··· Data for processing

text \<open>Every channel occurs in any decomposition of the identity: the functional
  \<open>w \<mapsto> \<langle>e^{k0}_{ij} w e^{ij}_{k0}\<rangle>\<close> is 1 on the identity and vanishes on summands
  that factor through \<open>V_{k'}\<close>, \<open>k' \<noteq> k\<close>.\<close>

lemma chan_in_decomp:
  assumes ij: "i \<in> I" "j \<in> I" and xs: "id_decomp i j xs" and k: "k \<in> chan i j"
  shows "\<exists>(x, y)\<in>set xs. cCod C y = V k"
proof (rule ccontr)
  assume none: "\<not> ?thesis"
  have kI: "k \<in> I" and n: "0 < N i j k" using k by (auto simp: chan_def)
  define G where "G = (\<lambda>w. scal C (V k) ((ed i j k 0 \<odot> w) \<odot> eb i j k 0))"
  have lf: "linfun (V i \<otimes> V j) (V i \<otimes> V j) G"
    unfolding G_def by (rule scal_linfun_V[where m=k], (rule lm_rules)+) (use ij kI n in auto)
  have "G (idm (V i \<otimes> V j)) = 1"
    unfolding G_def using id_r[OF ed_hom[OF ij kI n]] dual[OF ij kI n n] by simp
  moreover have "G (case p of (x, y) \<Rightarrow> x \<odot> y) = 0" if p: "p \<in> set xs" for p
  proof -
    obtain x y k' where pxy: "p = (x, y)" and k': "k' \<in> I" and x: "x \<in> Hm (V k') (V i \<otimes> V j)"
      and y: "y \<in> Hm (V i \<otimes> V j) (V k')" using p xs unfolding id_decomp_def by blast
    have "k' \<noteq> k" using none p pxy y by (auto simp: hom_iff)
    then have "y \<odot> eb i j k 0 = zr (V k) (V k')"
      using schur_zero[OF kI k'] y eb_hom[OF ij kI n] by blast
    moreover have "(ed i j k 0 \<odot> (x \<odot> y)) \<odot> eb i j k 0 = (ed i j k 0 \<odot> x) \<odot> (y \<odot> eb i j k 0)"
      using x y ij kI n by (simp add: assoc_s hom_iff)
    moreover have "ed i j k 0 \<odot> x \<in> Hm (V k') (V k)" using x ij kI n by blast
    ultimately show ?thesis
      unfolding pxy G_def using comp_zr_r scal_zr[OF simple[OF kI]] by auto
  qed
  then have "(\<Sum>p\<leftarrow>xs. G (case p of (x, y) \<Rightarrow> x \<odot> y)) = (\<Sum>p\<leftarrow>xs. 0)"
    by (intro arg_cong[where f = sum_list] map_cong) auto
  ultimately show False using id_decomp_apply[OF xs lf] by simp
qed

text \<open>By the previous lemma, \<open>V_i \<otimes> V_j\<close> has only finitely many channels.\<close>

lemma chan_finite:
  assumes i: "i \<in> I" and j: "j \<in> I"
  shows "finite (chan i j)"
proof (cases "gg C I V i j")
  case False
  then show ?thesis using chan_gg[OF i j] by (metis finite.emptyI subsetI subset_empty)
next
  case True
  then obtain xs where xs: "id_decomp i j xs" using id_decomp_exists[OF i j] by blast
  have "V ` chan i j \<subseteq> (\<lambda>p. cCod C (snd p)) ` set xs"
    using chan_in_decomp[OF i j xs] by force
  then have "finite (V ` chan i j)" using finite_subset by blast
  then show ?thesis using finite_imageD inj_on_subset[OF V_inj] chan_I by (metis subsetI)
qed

······

■ Required work: Repeat each entry exactly.

■ Your response:
text \<open>Every channel occurs in any decomposition of the identity: the functional
  \<open>w \<mapsto> \<langle>e^{k0}_{ij} w e^{ij}_{k0}\<rangle>\<close> is 1 on the identity and vanishes on summands
  that factor through \<open>V_{k'}\<close>, \<open>k' \<noteq> k\<close>.\<close>

lemma chan_in_decomp:
  assumes ij: "i \<in> I" "j \<in> I" and xs: "id_decomp i j xs" and k: "k \<in> chan i j"
  shows "\<exists>(x, y)\<in>set xs. cCod C y = V k"
proof (rule ccontr)
  assume none: "\<not> ?thesis"
  have kI: "k \<in> I" and n: "0 < N i j k" using k by (auto simp: chan_def)
  define G where "G = (\<lambda>w. scal C (V k) ((ed i j k 0 \<odot> w) \<odot> eb i j k 0))"
  have lf: "linfun (V i \<otimes> V j) (V i \<otimes> V j) G"
    unfolding G_def by (rule scal_linfun_V[where m=k], (rule lm_rules)+) (use ij kI n in auto)
  have "G (idm (V i \<otimes> V j)) = 1"
    unfolding G_def using id_r[OF ed_hom[OF ij kI n]] dual[OF ij kI n n] by simp
  moreover have "G (case p of (x, y) \<Rightarrow> x \<odot> y) = 0" if p: "p \<in> set xs" for p
  proof -
    obtain x y k' where pxy: "p = (x, y)" and k': "k' \<in> I" and x: "x \<in> Hm (V k') (V i \<otimes> V j)"
      and y: "y \<in> Hm (V i \<otimes> V j) (V k')" using p xs unfolding id_decomp_def by blast
    have "k' \<noteq> k" using none p pxy y by (auto simp: hom_iff)
    then have "y \<odot> eb i j k 0 = zr (V k) (V k')"
      using schur_zero[OF kI k'] y eb_hom[OF ij kI n] by blast
    moreover have "(ed i j k 0 \<odot> (x \<odot> y)) \<odot> eb i j k 0 = (ed i j k 0 \<odot> x) \<odot> (y \<odot> eb i j k 0)"
      using x y ij kI n by (simp add: assoc_s hom_iff)
    moreover have "ed i j k 0 \<odot> x \<in> Hm (V k') (V k)" using x ij kI n by blast
    ultimately show ?thesis
      unfolding pxy G_def using comp_zr_r scal_zr[OF simple[OF kI]] by auto
  qed
  then have "(\<Sum>p\<leftarrow>xs. G (case p of (x, y) \<Rightarrow> x \<odot> y)) = (\<Sum>p\<leftarrow>xs. 0)"
    by (intro arg_cong[where f = sum_list] map_cong) auto
  ultimately show False using id_decomp_apply[OF xs lf] by simp
qed

text \<open>By the previous lemma, \<open>V_i \<otimes> V_j\<close> has only finitely many channels.\<close>

lemma chan_finite:
  assumes i: "i \<in> I" and j: "j \<in> I"
  shows "finite (chan i j)"
proof (cases "gg C I V i j")
  case False
  then show ?thesis using chan_gg[OF i j] by (metis finite.emptyI subsetI subset_empty)
next
  case True
  then obtain xs where xs: "id_decomp i j xs" using id_decomp_exists[OF i j] by blast
  have "V ` chan i j \<subseteq> (\<lambda>p. cCod C (snd p)) ` set xs"
    using chan_in_decomp[OF i j xs] by force
  then have "finite (V ` chan i j)" using finite_subset by blast
  then show ?thesis using finite_imageD inj_on_subset[OF V_inj] chan_I by (metis subsetI)
qed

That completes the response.